# WORK INSTRUCTIONS
Go over the records and count each line that has the string "force". Give the number and nothing else.

# Items from a dataset
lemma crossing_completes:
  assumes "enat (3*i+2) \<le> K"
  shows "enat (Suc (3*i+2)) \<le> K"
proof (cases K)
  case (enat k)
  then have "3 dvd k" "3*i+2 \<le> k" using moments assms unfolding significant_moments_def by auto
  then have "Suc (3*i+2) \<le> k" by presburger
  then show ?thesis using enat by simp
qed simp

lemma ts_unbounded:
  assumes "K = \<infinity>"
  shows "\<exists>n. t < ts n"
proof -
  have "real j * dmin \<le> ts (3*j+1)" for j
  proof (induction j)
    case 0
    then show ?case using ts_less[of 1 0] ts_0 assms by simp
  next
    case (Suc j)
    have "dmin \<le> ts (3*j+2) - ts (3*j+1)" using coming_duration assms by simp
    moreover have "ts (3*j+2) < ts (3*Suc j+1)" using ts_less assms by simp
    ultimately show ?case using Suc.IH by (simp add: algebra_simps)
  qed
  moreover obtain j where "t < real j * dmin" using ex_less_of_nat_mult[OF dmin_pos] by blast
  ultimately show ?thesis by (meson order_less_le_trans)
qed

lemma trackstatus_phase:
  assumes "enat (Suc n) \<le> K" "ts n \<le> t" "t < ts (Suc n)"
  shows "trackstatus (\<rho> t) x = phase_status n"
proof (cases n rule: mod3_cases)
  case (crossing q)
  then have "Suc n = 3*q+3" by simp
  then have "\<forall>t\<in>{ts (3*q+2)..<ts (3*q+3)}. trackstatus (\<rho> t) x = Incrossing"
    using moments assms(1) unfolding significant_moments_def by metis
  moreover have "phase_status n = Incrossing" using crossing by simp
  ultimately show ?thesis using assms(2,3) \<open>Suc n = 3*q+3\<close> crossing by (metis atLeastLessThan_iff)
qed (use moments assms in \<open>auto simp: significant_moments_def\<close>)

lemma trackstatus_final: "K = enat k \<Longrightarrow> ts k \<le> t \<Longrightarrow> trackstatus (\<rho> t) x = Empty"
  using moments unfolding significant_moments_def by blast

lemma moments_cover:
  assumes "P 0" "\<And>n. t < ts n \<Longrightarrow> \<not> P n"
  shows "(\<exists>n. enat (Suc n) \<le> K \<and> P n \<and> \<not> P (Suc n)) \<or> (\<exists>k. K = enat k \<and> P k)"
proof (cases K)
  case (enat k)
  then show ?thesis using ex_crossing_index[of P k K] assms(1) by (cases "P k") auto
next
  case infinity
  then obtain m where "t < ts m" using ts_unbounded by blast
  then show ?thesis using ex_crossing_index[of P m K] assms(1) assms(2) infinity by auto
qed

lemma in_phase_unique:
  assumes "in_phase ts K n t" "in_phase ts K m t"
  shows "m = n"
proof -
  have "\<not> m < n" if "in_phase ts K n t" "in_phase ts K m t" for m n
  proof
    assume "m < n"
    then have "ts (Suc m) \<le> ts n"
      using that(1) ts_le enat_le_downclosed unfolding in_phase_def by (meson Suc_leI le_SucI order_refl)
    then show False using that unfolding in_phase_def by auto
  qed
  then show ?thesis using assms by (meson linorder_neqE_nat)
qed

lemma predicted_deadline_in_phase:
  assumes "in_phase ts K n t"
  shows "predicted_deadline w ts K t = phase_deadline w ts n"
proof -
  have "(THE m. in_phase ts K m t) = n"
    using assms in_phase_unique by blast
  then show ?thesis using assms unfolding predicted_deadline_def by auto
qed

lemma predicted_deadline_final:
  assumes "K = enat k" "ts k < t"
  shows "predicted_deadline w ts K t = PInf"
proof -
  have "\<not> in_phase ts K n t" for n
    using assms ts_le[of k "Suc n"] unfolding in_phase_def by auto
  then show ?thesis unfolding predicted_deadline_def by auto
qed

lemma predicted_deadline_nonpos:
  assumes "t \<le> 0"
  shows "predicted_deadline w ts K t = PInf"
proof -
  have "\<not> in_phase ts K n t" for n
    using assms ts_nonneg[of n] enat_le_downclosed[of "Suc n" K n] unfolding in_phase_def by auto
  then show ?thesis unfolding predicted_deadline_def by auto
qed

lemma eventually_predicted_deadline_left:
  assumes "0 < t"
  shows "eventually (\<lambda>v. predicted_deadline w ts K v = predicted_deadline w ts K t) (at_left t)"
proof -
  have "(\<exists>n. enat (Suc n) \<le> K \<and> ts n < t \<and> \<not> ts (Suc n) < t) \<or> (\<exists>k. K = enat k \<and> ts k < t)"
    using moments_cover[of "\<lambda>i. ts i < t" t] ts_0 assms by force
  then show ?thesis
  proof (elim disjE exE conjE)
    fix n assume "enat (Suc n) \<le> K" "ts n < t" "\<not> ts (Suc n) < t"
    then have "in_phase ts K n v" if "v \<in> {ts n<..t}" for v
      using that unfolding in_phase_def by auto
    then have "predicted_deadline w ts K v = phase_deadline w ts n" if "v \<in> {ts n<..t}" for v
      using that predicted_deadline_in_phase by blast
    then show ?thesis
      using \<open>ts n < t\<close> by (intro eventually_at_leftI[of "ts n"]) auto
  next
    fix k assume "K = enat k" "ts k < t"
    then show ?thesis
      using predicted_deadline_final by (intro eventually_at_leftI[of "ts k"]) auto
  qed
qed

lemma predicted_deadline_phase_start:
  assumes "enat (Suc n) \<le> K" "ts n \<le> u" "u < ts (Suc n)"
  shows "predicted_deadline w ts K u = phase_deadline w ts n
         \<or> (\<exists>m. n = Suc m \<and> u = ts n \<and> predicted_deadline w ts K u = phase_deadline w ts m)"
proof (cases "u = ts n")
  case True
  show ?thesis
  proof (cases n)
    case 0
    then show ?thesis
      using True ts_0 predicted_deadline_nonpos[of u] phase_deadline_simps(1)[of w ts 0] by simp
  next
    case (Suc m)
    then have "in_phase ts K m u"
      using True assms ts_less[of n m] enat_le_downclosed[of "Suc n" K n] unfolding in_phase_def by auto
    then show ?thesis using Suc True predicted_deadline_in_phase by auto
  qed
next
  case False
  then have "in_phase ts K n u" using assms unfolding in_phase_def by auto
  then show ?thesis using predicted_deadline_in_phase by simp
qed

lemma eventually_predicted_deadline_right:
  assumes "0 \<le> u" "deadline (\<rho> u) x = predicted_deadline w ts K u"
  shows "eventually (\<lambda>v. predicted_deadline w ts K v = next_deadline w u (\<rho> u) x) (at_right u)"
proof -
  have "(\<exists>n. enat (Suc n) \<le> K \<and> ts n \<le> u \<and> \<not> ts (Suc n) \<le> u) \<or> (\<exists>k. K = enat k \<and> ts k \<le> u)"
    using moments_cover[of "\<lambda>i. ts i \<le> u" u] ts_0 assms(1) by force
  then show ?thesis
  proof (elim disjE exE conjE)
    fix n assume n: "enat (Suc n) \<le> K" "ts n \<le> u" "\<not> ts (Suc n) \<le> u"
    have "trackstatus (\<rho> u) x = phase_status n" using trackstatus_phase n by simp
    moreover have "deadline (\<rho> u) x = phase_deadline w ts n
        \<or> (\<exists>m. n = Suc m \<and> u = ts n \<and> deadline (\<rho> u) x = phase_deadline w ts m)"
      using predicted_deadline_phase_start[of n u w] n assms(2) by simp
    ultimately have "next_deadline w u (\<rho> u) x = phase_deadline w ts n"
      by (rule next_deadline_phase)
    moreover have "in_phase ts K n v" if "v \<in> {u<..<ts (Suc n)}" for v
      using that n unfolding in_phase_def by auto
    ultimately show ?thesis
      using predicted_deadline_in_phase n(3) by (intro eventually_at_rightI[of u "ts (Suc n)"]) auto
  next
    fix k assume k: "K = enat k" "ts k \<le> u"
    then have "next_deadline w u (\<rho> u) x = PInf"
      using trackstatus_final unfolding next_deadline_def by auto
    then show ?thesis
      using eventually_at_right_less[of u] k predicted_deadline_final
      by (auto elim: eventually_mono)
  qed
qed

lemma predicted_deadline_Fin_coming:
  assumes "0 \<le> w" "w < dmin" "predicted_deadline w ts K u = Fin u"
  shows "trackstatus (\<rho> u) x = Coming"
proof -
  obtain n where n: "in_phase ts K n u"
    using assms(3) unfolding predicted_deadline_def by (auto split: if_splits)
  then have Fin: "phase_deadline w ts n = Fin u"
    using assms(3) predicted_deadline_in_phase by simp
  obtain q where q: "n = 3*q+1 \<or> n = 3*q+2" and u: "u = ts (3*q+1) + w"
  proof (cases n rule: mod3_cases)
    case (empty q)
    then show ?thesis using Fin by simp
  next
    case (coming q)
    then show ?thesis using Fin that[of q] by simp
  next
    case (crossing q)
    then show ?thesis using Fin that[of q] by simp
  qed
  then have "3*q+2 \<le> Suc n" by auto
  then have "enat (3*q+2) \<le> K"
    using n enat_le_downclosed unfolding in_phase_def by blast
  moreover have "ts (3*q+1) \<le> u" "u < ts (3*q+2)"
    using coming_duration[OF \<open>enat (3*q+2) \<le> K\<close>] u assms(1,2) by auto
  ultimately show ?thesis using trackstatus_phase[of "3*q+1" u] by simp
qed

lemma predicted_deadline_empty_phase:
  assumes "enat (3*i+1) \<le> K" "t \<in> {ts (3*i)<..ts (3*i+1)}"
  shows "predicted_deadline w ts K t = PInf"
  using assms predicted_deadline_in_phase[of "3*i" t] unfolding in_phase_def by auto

# YOUR SOLUTION
2